■ **Work required**
What you write should be the line containing "cmp C f i = zr C k (tgt C f) \<and>" followed by every line after it to the end of the listing, exactly as given, and nothing more.
━━━ Data under study
definition is_category :: "('o,'m,'x) acat_scheme \<Rightarrow> bool" where
  "is_category C \<longleftrightarrow>
    (\<forall>f\<in>ar C. src C f \<in> ob C \<and> tgt C f \<in> ob C) \<and>
    (\<forall>a\<in>ob C. idt C a \<in> hom C a a) \<and>
    (\<forall>f\<in>ar C. \<forall>g\<in>ar C. src C g = tgt C f \<longrightarrow> cmp C g f \<in> hom C (src C f) (tgt C g)) \<and>
    (\<forall>f\<in>ar C. cmp C (idt C (tgt C f)) f = f \<and> cmp C f (idt C (src C f)) = f) \<and>
    (\<forall>f\<in>ar C. \<forall>g\<in>ar C. \<forall>h\<in>ar C. src C g = tgt C f \<and> src C h = tgt C g \<longrightarrow>
        cmp C h (cmp C g f) = cmp C (cmp C h g) f)"

definition is_preadditive :: "('o,'m,'x) acat_scheme \<Rightarrow> bool" where
  "is_preadditive C \<longleftrightarrow> is_category C \<and>
    (\<forall>a\<in>ob C. \<forall>b\<in>ob C.
       zr C a b \<in> hom C a b \<and>
       (\<forall>f\<in>hom C a b. \<forall>g\<in>hom C a b. pl C f g \<in> hom C a b) \<and>
       (\<forall>f\<in>hom C a b. ng C f \<in> hom C a b) \<and>
       (\<forall>f\<in>hom C a b. \<forall>g\<in>hom C a b. \<forall>h\<in>hom C a b. pl C (pl C f g) h = pl C f (pl C g h)) \<and>
       (\<forall>f\<in>hom C a b. \<forall>g\<in>hom C a b. pl C f g = pl C g f) \<and>
       (\<forall>f\<in>hom C a b. pl C f (zr C a b) = f) \<and>
       (\<forall>f\<in>hom C a b. pl C f (ng C f) = zr C a b)) \<and>
    (\<forall>a\<in>ob C. \<forall>b\<in>ob C. \<forall>c\<in>ob C.
       (\<forall>f\<in>hom C a b. \<forall>g\<in>hom C a b. \<forall>h\<in>hom C b c.
          cmp C h (pl C f g) = pl C (cmp C h f) (cmp C h g)) \<and>
       (\<forall>f\<in>hom C b c. \<forall>g\<in>hom C b c. \<forall>h\<in>hom C a b.
          cmp C (pl C f g) h = pl C (cmp C f h) (cmp C g h)))"

definition is_mono :: "('o,'m,'x) acat_scheme \<Rightarrow> 'm \<Rightarrow> bool" where
  "is_mono C m \<longleftrightarrow> m \<in> ar C \<and>
    (\<forall>x\<in>ob C. \<forall>g\<in>hom C x (src C m). \<forall>h\<in>hom C x (src C m).
       cmp C m g = cmp C m h \<longrightarrow> g = h)"

definition is_epi :: "('o,'m,'x) acat_scheme \<Rightarrow> 'm \<Rightarrow> bool" where
  "is_epi C e \<longleftrightarrow> e \<in> ar C \<and>
    (\<forall>x\<in>ob C. \<forall>g\<in>hom C (tgt C e) x. \<forall>h\<in>hom C (tgt C e) x.
       cmp C g e = cmp C h e \<longrightarrow> g = h)"

definition is_kernel :: "('o,'m,'x) acat_scheme \<Rightarrow> 'm \<Rightarrow> 'o \<Rightarrow> 'm \<Rightarrow> bool" where
  "is_kernel C f k i \<longleftrightarrow> f \<in> ar C \<and> k \<in> ob C \<and> i \<in> hom C k (src C f) \<and>
     cmp C f i = zr C k (tgt C f) \<and>
     (\<forall>x\<in>ob C. \<forall>h\<in>hom C x (src C f). cmp C f h = zr C x (tgt C f) \<longrightarrow>
        (\<exists>!u. u \<in> hom C x k \<and> cmp C i u = h))"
━━━━━━
■ **Finished task**
     cmp C f i = zr C k (tgt C f) \<and>
     (\<forall>x\<in>ob C. \<forall>h\<in>hom C x (src C f). cmp C f h = zr C x (tgt C f) \<longrightarrow>
        (\<exists>!u. u \<in> hom C x k \<and> cmp C i u = h))"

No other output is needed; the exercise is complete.